That comic is unfortunately not telling the truth. The password phrase IS 44 bits of entropy, assuming you input random ascii. But any reasonably knowledgeable person trying to crack passwords, will use a dictionary to create a passphrases, rendering this less useful than the first password. Even if you do substitute o/0/ø, i/l/1, a/4, ect randomly. You still need a rather long sentence, and preferably spice it up with simple substitution - now this passphrase is no longer easy or simple to remember.
If you choose four random words from a list of 2048 common words, and your attacker knows that's what you're doing, then your entropy is 4 * log_2(2048) = 44 bits. If the attacker didn't know your strategy and tried to brute force letter by letter it would be much higher - around 48log_2(26)=150 bits assuming around eight letters per word - but like you said, we should assume the attacker knows exactly what strategy we're using, so 44 bits is the better number to work with.
Since that's still more than 28 bits, a 'correct horse battery staple' type password is harder to crack then a short random string of mixed characters, even if the attacker knows exactly what your password generation strategy is.
I was a bit hasty of the entropy of the passphrase, my mistake. I still stand by that even if we choose from 2048 common words, generating a good passphrase (one that isn't a common sentence) is harder than we think.
Yes, 2048 is tiny. I've been using a 4096-word dictionary I found online for years, along with my family and two kids since they were about 6 years old.
There is absolutely no trouble with a 4096 word dictionary. Yes, they (and me too) sometimes bump into words we don't recognize, but it's not that common.
Here, I just generated you a few passwords:
* hefty march attempt force bowel scuff
* between sepia book sweat lemma saint
* safe warn magical cask hefty wish
* alum glib puck adieu dour lazy
* telephone pine cavort good knee swank
* numeral plan jewel conch slate tube
* pastry piano sure proxy unit brew
* trig rise taint current sans gallop
Here is the same random numbers but encoded into ascii instead of words:
* 81Pk3t?Rq6S}
* ]CPcYrT^?iE3
* +qV`J9ZU&.,C
* `>sp=~V);3g>
* E&_ff7a|Z4B[
* ?OX~[J>0K'S*
These each have the exact same amount of entropy as the word-based ones.
Yes and good luck writing those passwords like "between sepia book sweat lemma saint" without typos :)
I just watched a friend using some kind of long password and it took about a minute to get the password correctly entered. Easy to look at the keyboard also when he was typing and guess the words used.
There is not 3000 _core_ words. You don't teach elementary school children 3000 words. That list is significanly smaller. In Denmark it's 120 words, then you'll be well on your way to reading and writing most basic stuff.
That someone has selected 2048 words used to generate passphrases, doesn't make it easy to remember.
Eh, you may want to peek at the XKCD things explainer to see what is life under 1k words.
Everybody uses more than a few thousand words on at least one language. And selecting the least used ones will make your passprhases easier to memorize, because they have much more concrete meaning (by virtue of their rarity) than the most used words.
I've been doing this for years and it is indeed easier to remember. You won't be keeping all your passwords in your head in any format if you're using a unique password per site or service as you should.
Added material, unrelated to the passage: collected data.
(* Let $X$ be a complete nonsingular toric variety which is Fano and all of whose toric subvarieties are Fano, with fan $\Delta$. Let $\{D_1,\ldots,D_j\}$ and $\{\widehat D_1,\ldots,\widehat D_k\}$ be distinct primitive sets with primitive relations $\rho_1+\cdots+\rho_j=\rho'$ and $\widehat\rho_1+\cdots+\widehat\rho_k=\widehat\rho'$, where $\rho',\widehat\rho'$ are ray generators. If $\rho'=\widehat\rho'$, or $\rho'$ and $\widehat\rho'$ span a cone of $\Delta$, then $\{\rho_1,\ldots,\rho_j\}\cap\{\widehat\rho_1,\ldots,\widehat\rho_k\}=\emptyset$.
   Context: Toric divisors $D$ correspond to ray generators $\rho$ (primitive generators of rays of $\Delta$). A primitive set is a set of toric divisors with empty intersection whose proper subsets all have nonempty intersection; its primitive relation expresses the sum of its ray generators as a positive combination of the generators of the unique cone containing that sum in its relative interior. *)

theory Defs
  imports "HOL-Analysis.Analysis"
begin

text \<open>Combinatorial model of a complete nonsingular toric variety X_\<Delta>.
  The lattice N is the integer points of real^'n.  A (simplicial) fan \<Delta> is
  recorded by its set of ray generators R and by the set of cones, each cone
  being identified with the finite set of ray generators of its rays.\<close>

definition lattice_point :: "real ^ 'n \<Rightarrow> bool" where
  "lattice_point v \<longleftrightarrow> (\<forall>i. v $ i \<in> \<int>)"

definition primitive_vector :: "real ^ 'n \<Rightarrow> bool" where
  "primitive_vector v \<longleftrightarrow> lattice_point v \<and> v \<noteq> 0 \<and>
     (\<forall>t::real. 0 < t \<and> lattice_point (t *\<^sub>R v) \<longrightarrow> 1 \<le> t)"

definition pos_cone :: "(real ^ 'n) set \<Rightarrow> (real ^ 'n) set" where
  "pos_cone S = {x. \<exists>c. (\<forall>v\<in>S. 0 \<le> c v) \<and> x = (\<Sum>v\<in>S. c v *\<^sub>R v)}"

definition part_of_Z_basis :: "(real ^ 'n) set \<Rightarrow> bool" where
  "part_of_Z_basis S \<longleftrightarrow> (\<exists>B. S \<subseteq> B \<and> finite B \<and> card B = CARD('n) \<and>
      (\<forall>b\<in>B. lattice_point b) \<and>
      (\<forall>x. lattice_point x \<longrightarrow> (\<exists>k::real ^ 'n \<Rightarrow> int. x = (\<Sum>b\<in>B. of_int (k b) *\<^sub>R b))))"

definition complete_nonsingular_fan ::
  "(real ^ 'n) set \<Rightarrow> (real ^ 'n) set set \<Rightarrow> bool" where
  "complete_nonsingular_fan R \<Delta> \<longleftrightarrow>
     finite R \<and> (\<forall>\<rho>\<in>R. primitive_vector \<rho>) \<and>
     (\<forall>\<sigma>\<in>\<Delta>. \<sigma> \<subseteq> R) \<and>
     (\<forall>\<rho>\<in>R. {\<rho>} \<in> \<Delta>) \<and>
     (\<forall>\<sigma>\<in>\<Delta>. \<forall>\<tau>. \<tau> \<subseteq> \<sigma> \<longrightarrow> \<tau> \<in> \<Delta>) \<and>
     (\<forall>\<sigma>\<in>\<Delta>. part_of_Z_basis \<sigma>) \<and>
     (\<forall>\<sigma>\<in>\<Delta>. \<forall>\<tau>\<in>\<Delta>. pos_cone \<sigma> \<inter> pos_cone \<tau> = pos_cone (\<sigma> \<inter> \<tau>)) \<and>
     (\<Union>\<sigma>\<in>\<Delta>. pos_cone \<sigma>) = UNIV"

definition maximal_cone :: "(real ^ 'n) set set \<Rightarrow> (real ^ 'n) set \<Rightarrow> bool" where
  "maximal_cone \<Delta> \<sigma> \<longleftrightarrow> \<sigma> \<in> \<Delta> \<and> (\<forall>\<sigma>'\<in>\<Delta>. \<sigma> \<subseteq> \<sigma>' \<longrightarrow> \<sigma>' = \<sigma>)"

text \<open>The orbit closure V(\<tau>) is the toric variety of the star fan of \<tau> in
  N(\<tau>) = N / (span \<tau> \<inter> N).  Its rays are the images of the \<rho> \<notin> \<tau> with
  \<tau> \<union> {\<rho>} \<in> \<Delta>, its maximal cones the images of the maximal cones \<sigma> \<supseteq> \<tau>,
  and linear functionals on N(\<tau>)_R are the functionals m on N_R vanishing on \<tau>.
  V(\<tau>) is Fano iff its anticanonical divisor (sum of all its toric divisors)
  is ample, i.e. (toric ampleness criterion) iff for every maximal cone \<sigma>
  there is m with m(\<rho>) = 1 on the rays of \<sigma> and m(\<rho>) < 1 on the other rays.\<close>
definition orbit_closure_fano ::
  "(real ^ 'n) set \<Rightarrow> (real ^ 'n) set set \<Rightarrow> (real ^ 'n) set \<Rightarrow> bool" where
  "orbit_closure_fano R \<Delta> \<tau> \<longleftrightarrow>
     (\<forall>\<sigma>. maximal_cone \<Delta> \<sigma> \<and> \<tau> \<subseteq> \<sigma> \<longrightarrow>
        (\<exists>m::real ^ 'n. (\<forall>\<rho>\<in>\<tau>. m \<bullet> \<rho> = 0) \<and>
            (\<forall>\<rho>\<in>\<sigma> - \<tau>. m \<bullet> \<rho> = 1) \<and>
            (\<forall>\<rho>\<in>R. \<rho> \<notin> \<sigma> \<and> \<tau> \<union> {\<rho>} \<in> \<Delta> \<longrightarrow> m \<bullet> \<rho> < 1)))"

text \<open>X itself is the orbit closure of the zero cone.\<close>
definition toric_fano :: "(real ^ 'n) set \<Rightarrow> (real ^ 'n) set set \<Rightarrow> bool" where
  "toric_fano R \<Delta> \<longleftrightarrow> orbit_closure_fano R \<Delta> {}"

text \<open>Primitive set: toric divisors with empty intersection (= their rays do not
  span a cone) all of whose proper subsets have nonempty intersection.\<close>
definition primitive_set :: "(real ^ 'n) set \<Rightarrow> (real ^ 'n) set set \<Rightarrow> (real ^ 'n) set \<Rightarrow> bool" where
  "primitive_set R \<Delta> P \<longleftrightarrow> P \<subseteq> R \<and> P \<notin> \<Delta> \<and> (\<forall>Q. Q \<subset> P \<longrightarrow> Q \<in> \<Delta>)"

text \<open>Primitive relation of P: sum of P = \<Sum> c_\<rho> \<rho> over the generators of the
  cone \<sigma> containing the sum in its relative interior (all c_\<rho> > 0).\<close>
definition primitive_relation ::
  "(real ^ 'n) set \<Rightarrow> (real ^ 'n) set set \<Rightarrow> (real ^ 'n) set \<Rightarrow> (real ^ 'n) set \<Rightarrow> (real ^ 'n \<Rightarrow> real) \<Rightarrow> bool" where
  "primitive_relation R \<Delta> P \<sigma> c \<longleftrightarrow> primitive_set R \<Delta> P \<and> \<sigma> \<in> \<Delta> \<and>
     (\<forall>\<rho>\<in>\<sigma>. 0 < c \<rho>) \<and> (\<Sum>\<rho>\<in>P. \<rho>) = (\<Sum>\<rho>\<in>\<sigma>. c \<rho> *\<^sub>R \<rho>)"

end

theory Submission
  imports Defs
begin

(* Let x \<in> P \<inter> Q and write r, r' for \<rho>', \<rho>h'.  The key step is an exchange property: if P is
  primitive with \<Sum>P = r and {r, z} is a cone, then (P - {y}) \<union> {r, z} is a cone for every
  y \<in> P other than z.  It is proved by enlarging a face Q \<union> {r, z}, Q \<subseteq> P - {y}, one generator at
  a time: choose a maximal cone \<sigma> \<supseteq> Q \<union> {r, z} avoiding y; the ampleness criterion for the Fano
  orbit closure V(Q) gives an integral functional that is 1 on r, 0 on Q and \<le> 0 on every
  element of P - Q outside \<sigma>, so \<Sum>P = r forces some element of P - Q other than y into \<sigma>.
  Hence (P - {x}) \<union> {r, r'} and (Q - {x}) \<union> {r, r'} are cones, both containing
  \<Sum>(P - {x}) + r' = r + r' - x = \<Sum>(Q - {x}) + r.  Coordinates with respect to the cones of a
  nonsingular fan are unique; comparing the coefficients of r gives r = r', and then
  P - {x} = Q - {x}, so P = Q. *)

lemma independent_sum_scaleR_coeffs_eq:
  fixes S :: "'a::real_vector set"
  assumes "independent S" "finite S" "(\<Sum>x\<in>S. f x *\<^sub>R x) = (\<Sum>x\<in>S. g x *\<^sub>R x)" "x \<in> S"
  shows "f x = g x"
proof -
  have "(\<Sum>x\<in>S. (f x - g x) *\<^sub>R x) = 0"
    using assms(3) by (simp add: scaleR_diff_left sum_subtractf)
  then show ?thesis
    using real_vector.independentD[OF assms(1,2) order_refl] assms(4) by fastforce
qed

lemma sum_if_scaleR:
  fixes A :: "'a::real_vector set"
  assumes "finite A"
  shows "(\<Sum>x\<in>A. (if x \<in> B then c x else 0) *\<^sub>R x) = (\<Sum>x\<in>A \<inter> B. c x *\<^sub>R x)"
  using sum.inter_restrict[OF assms, of "\<lambda>x. c x *\<^sub>R x" B]
  by (simp add: if_distrib[of "\<lambda>a. a *\<^sub>R _"] cong: if_cong)

lemma sum_in_pos_cone: "(\<Sum>x\<in>S. x) \<in> pos_cone S"
  unfolding pos_cone_def by (auto intro!: exI[of _ "\<lambda>_. 1"])

lemma pos_cone_subset_span: "pos_cone S \<subseteq> span S"
  unfolding pos_cone_def by (auto intro: span_sum span_scale span_base)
But you occasionally have to buffer them mentally between your password manager and the input box (especially on mobile), and the same number of bits of entropy are infinitely easier to copy correctly in this format vs something like "?G[G6n|4".
Err.. I would suspect most(non-english?) people on the internet to know 2000 words. (By virtue of being atleast bi-lingual, they would, so the challenge boils down to can they type it? unicode support should help, but I've found most cases people simply type those sounds in English.)
As for the English as a primary language people, I've no clue about the number of words, but if we can expect them to type 1024 words, we'd still get 20 bits..
The GfyCat URL generator list is about ~1800 animals and ~8000 adjectives [0]. All fairly memorable words. Add in other types of words and 2048 quickly becomes a small number.
The words don't have to be incredibly simple, either. Grabbing a random GfyCat image from the front page gives me "OrangeLankyBasilisk" which is easy to remember, none of those words are particularly foreign. But they're not in your list of most common words, nor are any of them in XKCD's simplewriter [1], which keeps track of the 1000 most common words.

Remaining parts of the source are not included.